■ **WORK REQUIRED**: Repeat exactly, and only, the lines below starting at the line that contains "0 \<longleftrightarrow> x" and ending at the line that contains "assms(4,5) subspace_diff[OF assms(2)]", inclusive of both.

Stored data entries:
--- START ---
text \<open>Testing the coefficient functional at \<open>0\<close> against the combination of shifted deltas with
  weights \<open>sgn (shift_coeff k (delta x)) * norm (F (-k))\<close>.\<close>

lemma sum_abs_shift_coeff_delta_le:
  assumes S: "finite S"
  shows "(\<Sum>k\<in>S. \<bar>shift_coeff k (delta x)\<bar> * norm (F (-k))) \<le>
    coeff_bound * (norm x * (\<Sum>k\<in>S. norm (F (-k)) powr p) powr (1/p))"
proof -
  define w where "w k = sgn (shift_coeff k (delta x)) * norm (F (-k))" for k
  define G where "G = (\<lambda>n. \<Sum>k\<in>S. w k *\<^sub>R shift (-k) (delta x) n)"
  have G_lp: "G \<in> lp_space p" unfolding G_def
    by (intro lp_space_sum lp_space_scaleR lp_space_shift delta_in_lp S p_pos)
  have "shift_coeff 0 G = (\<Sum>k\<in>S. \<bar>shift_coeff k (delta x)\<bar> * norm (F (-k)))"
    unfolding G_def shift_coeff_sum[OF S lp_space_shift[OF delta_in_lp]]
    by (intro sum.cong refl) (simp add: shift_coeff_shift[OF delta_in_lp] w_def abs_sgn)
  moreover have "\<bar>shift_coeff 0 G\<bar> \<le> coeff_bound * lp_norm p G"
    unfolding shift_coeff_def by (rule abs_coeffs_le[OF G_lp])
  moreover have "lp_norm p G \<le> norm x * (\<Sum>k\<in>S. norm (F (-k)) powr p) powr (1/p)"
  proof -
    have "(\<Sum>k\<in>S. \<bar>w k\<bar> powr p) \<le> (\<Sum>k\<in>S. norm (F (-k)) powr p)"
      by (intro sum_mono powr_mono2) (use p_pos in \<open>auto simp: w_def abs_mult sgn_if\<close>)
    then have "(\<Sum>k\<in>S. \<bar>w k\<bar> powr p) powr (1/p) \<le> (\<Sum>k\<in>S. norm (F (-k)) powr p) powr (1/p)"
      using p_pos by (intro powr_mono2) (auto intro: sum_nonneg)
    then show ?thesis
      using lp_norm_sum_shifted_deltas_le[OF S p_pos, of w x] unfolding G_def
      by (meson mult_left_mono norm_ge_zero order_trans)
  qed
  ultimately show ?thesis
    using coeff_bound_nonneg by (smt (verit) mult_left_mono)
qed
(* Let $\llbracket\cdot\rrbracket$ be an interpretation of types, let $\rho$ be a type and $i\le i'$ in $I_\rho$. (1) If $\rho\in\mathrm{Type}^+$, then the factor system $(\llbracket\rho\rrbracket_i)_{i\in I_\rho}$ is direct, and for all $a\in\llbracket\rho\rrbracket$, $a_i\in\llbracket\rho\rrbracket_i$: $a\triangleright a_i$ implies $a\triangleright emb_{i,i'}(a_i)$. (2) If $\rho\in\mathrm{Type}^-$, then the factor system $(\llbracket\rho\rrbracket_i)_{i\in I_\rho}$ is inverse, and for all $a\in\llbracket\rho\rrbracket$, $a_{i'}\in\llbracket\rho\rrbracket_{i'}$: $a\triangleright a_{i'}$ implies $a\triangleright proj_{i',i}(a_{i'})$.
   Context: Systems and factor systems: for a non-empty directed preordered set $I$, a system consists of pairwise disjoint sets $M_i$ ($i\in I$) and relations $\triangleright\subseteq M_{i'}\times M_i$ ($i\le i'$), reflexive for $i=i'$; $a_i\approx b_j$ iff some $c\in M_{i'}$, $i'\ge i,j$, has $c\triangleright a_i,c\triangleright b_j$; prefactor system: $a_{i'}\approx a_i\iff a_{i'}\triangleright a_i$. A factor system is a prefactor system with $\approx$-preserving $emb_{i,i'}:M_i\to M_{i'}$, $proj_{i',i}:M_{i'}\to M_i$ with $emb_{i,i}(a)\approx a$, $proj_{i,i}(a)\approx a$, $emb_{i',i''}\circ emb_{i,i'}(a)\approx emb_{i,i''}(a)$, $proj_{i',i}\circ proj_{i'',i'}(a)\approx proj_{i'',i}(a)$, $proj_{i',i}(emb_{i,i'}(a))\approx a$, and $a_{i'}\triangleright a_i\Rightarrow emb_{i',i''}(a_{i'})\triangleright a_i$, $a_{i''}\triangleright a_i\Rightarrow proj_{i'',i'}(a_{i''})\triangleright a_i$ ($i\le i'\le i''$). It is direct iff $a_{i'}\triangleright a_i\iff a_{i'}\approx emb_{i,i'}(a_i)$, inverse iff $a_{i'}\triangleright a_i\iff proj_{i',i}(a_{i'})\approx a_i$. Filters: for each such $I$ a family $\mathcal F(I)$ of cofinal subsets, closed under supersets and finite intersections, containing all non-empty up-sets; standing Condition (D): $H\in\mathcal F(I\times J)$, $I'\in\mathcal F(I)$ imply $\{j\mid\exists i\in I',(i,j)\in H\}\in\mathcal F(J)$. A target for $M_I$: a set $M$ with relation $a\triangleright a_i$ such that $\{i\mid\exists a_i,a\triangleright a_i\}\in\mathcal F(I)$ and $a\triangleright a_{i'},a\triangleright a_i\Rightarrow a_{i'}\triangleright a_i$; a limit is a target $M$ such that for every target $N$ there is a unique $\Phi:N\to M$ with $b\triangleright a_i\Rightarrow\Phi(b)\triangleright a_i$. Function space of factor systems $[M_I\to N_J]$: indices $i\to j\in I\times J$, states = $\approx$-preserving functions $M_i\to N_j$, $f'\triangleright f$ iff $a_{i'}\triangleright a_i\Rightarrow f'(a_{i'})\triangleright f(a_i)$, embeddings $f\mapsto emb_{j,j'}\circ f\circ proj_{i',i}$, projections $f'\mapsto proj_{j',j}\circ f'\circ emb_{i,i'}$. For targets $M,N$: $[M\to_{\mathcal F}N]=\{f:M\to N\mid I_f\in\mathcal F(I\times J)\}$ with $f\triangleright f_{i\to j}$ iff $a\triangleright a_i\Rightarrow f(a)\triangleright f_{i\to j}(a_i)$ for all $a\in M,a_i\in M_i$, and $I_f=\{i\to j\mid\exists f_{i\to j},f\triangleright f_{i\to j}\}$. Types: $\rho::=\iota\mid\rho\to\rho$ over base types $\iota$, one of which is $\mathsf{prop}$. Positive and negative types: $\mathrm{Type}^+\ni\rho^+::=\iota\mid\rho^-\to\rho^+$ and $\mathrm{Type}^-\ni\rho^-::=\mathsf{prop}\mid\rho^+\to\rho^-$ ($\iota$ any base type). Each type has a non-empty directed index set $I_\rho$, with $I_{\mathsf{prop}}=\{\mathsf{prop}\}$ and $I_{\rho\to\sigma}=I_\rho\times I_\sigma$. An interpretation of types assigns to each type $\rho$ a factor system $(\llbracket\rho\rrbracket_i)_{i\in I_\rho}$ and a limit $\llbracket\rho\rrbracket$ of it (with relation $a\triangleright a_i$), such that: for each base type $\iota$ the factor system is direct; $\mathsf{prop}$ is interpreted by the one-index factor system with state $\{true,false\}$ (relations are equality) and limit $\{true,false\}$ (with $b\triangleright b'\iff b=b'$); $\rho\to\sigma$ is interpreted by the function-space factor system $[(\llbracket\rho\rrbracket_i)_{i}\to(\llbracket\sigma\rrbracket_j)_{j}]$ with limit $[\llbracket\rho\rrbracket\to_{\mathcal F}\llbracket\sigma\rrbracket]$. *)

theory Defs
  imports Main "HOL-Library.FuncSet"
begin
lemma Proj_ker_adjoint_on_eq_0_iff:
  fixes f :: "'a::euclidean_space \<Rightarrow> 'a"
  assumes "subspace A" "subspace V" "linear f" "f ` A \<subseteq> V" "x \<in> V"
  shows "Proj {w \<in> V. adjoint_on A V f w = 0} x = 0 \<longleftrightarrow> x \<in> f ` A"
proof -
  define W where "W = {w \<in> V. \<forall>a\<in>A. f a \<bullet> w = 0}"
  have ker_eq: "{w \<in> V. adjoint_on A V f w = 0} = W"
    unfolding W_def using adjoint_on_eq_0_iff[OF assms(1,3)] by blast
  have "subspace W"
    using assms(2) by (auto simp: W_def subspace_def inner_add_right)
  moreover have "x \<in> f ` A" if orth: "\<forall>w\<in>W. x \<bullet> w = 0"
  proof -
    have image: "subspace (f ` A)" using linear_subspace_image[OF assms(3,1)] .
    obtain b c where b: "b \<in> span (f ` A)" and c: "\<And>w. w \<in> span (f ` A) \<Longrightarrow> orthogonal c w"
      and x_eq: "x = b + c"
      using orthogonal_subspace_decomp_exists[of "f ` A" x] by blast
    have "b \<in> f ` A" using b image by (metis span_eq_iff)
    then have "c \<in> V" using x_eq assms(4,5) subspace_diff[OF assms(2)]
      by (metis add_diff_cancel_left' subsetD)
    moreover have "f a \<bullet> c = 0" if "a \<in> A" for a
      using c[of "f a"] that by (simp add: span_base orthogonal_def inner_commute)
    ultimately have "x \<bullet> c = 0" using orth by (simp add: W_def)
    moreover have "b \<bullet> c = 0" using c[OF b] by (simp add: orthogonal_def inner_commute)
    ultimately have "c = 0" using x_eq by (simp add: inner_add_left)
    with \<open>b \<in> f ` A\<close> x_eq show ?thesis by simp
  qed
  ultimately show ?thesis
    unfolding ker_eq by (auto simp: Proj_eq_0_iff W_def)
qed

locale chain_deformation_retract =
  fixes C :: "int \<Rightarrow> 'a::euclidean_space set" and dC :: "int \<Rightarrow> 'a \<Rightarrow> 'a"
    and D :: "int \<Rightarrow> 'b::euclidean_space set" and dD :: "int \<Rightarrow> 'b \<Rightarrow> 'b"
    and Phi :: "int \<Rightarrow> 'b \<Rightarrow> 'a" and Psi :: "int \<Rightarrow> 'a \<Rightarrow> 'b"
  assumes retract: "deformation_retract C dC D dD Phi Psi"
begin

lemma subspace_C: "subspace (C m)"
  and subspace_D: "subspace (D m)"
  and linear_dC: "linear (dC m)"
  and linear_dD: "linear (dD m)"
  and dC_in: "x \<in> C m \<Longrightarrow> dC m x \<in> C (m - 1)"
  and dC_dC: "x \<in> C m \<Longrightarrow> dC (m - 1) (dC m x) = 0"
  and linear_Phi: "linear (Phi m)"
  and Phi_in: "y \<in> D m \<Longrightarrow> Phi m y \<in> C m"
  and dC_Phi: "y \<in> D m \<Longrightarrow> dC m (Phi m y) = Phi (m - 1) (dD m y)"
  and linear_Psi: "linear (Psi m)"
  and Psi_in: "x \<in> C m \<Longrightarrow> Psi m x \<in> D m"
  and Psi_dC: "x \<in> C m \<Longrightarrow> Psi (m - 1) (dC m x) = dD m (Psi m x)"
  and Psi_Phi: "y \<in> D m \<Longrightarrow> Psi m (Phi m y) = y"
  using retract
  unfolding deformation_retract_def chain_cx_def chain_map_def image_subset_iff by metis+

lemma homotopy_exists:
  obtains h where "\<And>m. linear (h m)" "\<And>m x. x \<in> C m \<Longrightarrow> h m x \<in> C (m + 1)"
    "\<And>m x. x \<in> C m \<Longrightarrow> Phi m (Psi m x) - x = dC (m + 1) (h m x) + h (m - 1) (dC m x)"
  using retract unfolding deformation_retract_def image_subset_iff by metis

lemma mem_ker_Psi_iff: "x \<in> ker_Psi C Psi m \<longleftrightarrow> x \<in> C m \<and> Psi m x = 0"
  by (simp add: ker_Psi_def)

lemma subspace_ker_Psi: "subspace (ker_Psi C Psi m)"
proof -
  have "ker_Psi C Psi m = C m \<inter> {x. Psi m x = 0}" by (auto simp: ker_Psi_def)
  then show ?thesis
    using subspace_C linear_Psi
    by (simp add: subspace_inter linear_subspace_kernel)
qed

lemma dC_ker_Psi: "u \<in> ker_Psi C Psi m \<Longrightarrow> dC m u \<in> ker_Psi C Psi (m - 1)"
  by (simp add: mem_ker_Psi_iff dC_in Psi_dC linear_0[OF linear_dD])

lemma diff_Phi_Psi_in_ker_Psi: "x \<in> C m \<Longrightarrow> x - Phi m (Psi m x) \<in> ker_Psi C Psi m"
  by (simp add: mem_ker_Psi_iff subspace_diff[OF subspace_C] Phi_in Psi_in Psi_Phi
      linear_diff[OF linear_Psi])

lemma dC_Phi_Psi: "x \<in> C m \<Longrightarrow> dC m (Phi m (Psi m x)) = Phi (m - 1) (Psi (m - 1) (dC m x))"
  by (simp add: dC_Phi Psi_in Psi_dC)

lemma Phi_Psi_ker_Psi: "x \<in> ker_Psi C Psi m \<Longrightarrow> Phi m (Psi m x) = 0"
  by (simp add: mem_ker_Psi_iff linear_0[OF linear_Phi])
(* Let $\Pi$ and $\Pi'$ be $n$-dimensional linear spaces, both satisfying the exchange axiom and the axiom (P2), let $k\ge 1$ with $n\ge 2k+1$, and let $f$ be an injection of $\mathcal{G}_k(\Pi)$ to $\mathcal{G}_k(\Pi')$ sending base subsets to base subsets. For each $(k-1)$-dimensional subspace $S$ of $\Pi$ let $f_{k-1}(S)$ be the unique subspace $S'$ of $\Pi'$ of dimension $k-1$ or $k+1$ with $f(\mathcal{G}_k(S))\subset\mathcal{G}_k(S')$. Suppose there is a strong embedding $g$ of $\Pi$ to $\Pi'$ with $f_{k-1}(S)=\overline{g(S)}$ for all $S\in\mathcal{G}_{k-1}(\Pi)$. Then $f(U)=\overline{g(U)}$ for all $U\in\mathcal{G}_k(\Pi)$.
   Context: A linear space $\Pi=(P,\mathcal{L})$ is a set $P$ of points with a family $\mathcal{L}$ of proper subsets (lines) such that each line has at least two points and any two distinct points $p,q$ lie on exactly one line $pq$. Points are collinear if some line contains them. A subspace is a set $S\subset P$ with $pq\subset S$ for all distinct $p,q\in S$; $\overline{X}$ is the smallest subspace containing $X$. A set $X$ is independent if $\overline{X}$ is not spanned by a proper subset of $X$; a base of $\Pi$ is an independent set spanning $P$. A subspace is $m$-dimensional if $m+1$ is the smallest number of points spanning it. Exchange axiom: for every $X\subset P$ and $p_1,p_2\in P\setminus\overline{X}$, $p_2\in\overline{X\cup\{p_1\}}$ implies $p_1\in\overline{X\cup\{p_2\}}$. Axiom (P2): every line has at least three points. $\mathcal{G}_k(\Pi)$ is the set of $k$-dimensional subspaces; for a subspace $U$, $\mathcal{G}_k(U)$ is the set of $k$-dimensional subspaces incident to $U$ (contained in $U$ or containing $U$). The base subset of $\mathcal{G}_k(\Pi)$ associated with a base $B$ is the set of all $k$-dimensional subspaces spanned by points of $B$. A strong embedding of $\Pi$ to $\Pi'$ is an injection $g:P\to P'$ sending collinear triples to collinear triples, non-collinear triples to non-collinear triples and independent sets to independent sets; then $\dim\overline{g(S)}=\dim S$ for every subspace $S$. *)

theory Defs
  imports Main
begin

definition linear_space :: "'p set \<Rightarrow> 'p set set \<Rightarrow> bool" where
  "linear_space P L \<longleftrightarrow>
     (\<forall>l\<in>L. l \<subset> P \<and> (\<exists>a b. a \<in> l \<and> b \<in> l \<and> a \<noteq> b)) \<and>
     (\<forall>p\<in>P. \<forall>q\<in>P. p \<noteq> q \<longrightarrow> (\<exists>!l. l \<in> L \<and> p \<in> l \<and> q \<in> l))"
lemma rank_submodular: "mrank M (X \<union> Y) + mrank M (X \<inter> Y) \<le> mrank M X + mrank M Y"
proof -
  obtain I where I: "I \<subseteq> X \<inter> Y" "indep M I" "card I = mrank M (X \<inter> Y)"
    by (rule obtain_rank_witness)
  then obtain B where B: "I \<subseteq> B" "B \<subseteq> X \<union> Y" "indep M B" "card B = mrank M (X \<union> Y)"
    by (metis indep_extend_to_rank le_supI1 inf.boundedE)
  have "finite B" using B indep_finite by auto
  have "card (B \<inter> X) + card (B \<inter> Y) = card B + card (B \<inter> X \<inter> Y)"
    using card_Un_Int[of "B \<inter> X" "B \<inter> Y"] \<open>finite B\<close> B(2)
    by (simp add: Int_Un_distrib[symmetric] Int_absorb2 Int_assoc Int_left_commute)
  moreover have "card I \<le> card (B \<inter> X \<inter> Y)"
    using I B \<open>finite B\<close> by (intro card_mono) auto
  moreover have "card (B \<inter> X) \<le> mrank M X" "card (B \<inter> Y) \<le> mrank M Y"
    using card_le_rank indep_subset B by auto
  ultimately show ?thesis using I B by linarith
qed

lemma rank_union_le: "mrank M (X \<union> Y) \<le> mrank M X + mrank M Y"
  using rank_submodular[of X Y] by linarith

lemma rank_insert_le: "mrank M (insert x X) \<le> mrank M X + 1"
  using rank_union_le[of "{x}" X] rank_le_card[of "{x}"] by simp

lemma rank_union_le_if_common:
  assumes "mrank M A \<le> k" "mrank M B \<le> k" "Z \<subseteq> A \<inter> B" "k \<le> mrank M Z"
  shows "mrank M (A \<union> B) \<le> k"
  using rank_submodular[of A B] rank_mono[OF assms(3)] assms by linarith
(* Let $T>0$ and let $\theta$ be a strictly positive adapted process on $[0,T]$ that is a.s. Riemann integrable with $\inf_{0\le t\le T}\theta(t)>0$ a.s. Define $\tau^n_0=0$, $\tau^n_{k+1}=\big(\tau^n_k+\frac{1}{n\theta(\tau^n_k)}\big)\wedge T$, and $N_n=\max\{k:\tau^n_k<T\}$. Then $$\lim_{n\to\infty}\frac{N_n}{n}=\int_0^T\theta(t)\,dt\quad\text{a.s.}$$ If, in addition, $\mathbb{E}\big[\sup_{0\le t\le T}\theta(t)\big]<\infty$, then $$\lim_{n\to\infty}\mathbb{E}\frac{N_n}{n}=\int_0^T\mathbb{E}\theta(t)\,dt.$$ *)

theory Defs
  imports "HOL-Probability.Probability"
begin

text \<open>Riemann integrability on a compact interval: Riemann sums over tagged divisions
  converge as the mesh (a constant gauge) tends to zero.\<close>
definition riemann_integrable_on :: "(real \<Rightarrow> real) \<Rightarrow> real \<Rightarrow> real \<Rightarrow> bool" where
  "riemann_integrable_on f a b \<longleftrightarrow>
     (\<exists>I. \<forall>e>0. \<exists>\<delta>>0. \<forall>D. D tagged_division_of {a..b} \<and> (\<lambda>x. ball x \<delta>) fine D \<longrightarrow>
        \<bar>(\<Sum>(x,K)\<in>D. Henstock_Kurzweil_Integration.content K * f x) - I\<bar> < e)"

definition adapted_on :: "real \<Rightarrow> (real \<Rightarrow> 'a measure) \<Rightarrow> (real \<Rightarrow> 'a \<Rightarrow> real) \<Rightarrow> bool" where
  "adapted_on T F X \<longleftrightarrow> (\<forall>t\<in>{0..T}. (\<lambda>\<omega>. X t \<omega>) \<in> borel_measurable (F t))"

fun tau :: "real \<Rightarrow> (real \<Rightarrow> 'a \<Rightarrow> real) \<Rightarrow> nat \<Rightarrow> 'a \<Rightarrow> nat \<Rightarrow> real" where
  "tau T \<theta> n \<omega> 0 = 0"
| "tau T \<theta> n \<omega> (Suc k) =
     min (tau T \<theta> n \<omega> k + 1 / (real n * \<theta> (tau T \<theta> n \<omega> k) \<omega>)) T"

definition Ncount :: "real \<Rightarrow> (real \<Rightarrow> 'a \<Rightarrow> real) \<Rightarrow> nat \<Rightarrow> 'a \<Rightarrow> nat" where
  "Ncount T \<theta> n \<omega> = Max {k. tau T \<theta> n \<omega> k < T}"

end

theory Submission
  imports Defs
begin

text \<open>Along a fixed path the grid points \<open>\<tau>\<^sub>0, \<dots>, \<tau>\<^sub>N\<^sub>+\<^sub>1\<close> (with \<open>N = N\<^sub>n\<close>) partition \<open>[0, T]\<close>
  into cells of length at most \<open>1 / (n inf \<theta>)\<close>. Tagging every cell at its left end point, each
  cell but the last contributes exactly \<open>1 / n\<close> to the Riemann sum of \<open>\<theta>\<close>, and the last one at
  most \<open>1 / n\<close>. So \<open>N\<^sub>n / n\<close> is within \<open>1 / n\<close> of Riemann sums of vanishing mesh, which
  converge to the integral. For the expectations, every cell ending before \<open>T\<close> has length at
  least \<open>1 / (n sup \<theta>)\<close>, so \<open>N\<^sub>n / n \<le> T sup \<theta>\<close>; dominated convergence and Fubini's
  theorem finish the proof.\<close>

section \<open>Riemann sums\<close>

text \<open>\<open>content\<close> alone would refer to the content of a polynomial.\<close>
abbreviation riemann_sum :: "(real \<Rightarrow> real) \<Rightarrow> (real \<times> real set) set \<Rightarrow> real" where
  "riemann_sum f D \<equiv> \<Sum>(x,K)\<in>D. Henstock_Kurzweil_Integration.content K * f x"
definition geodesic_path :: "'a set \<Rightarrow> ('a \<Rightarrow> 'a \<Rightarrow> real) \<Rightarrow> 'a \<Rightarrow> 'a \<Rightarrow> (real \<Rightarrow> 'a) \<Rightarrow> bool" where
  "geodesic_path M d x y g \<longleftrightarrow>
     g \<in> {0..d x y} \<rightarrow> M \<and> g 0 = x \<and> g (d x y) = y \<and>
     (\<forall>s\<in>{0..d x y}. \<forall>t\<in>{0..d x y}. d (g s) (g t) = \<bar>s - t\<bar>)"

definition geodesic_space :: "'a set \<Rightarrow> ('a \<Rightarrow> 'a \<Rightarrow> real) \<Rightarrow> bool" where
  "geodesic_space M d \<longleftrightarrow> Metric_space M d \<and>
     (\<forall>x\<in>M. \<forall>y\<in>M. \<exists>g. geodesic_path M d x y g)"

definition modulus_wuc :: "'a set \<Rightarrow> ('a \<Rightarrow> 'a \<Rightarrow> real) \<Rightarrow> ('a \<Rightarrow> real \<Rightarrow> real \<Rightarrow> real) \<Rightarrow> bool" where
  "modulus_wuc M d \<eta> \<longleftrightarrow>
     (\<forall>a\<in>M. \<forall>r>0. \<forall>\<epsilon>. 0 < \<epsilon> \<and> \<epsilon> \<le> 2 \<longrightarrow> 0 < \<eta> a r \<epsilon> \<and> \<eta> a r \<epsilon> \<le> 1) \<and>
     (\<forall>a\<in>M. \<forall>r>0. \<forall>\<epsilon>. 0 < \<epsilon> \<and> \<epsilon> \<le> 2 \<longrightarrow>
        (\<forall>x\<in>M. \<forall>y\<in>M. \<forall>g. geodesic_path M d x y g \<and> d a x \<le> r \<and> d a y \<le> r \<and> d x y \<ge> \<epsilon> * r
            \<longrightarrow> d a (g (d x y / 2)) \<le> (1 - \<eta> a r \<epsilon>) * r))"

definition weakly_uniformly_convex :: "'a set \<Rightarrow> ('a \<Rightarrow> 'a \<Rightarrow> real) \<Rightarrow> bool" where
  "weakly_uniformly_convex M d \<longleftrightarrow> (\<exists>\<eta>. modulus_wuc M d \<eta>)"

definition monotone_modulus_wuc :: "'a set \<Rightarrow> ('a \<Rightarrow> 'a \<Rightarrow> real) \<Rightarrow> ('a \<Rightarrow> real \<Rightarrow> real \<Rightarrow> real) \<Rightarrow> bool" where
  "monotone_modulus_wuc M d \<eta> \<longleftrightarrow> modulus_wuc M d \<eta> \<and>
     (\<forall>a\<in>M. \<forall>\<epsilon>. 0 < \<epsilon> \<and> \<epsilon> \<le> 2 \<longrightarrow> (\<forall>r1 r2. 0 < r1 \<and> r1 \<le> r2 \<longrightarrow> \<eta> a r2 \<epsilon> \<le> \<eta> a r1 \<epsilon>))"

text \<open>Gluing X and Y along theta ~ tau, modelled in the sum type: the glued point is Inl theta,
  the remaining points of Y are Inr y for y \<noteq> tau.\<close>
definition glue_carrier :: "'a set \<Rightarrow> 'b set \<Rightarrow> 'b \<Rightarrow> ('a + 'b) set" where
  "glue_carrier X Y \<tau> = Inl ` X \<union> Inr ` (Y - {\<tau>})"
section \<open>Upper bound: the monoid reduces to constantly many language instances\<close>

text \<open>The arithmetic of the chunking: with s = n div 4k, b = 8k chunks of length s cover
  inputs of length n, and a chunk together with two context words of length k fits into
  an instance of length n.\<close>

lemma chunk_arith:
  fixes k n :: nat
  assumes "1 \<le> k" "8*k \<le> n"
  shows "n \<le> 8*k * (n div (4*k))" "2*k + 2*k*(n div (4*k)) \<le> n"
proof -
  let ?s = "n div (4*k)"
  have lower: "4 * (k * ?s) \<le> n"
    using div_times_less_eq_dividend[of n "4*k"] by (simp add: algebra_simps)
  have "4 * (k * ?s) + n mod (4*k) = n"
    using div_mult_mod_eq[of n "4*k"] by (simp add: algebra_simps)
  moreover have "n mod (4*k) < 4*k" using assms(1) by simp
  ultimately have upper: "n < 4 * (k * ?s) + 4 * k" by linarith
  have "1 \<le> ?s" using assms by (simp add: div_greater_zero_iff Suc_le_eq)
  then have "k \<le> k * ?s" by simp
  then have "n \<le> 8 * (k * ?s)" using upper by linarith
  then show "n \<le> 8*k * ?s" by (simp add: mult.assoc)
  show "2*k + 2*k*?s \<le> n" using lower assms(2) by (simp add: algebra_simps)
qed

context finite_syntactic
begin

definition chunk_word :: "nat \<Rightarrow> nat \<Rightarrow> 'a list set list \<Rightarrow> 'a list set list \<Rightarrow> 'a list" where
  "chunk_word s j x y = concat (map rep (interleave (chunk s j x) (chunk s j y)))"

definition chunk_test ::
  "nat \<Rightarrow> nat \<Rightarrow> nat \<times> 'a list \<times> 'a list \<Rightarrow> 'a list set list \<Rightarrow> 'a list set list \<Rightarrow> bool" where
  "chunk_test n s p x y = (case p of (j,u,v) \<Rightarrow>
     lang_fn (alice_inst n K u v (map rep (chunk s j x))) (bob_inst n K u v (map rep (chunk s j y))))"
--- END ---
■ **RESULT**:
  shows "Proj {w \<in> V. adjoint_on A V f w = 0} x = 0 \<longleftrightarrow> x \<in> f ` A"
proof -
  define W where "W = {w \<in> V. \<forall>a\<in>A. f a \<bullet> w = 0}"
  have ker_eq: "{w \<in> V. adjoint_on A V f w = 0} = W"
    unfolding W_def using adjoint_on_eq_0_iff[OF assms(1,3)] by blast
  have "subspace W"
    using assms(2) by (auto simp: W_def subspace_def inner_add_right)
  moreover have "x \<in> f ` A" if orth: "\<forall>w\<in>W. x \<bullet> w = 0"
  proof -
    have image: "subspace (f ` A)" using linear_subspace_image[OF assms(3,1)] .
    obtain b c where b: "b \<in> span (f ` A)" and c: "\<And>w. w \<in> span (f ` A) \<Longrightarrow> orthogonal c w"
      and x_eq: "x = b + c"
      using orthogonal_subspace_decomp_exists[of "f ` A" x] by blast
    have "b \<in> f ` A" using b image by (metis span_eq_iff)
    then have "c \<in> V" using x_eq assms(4,5) subspace_diff[OF assms(2)]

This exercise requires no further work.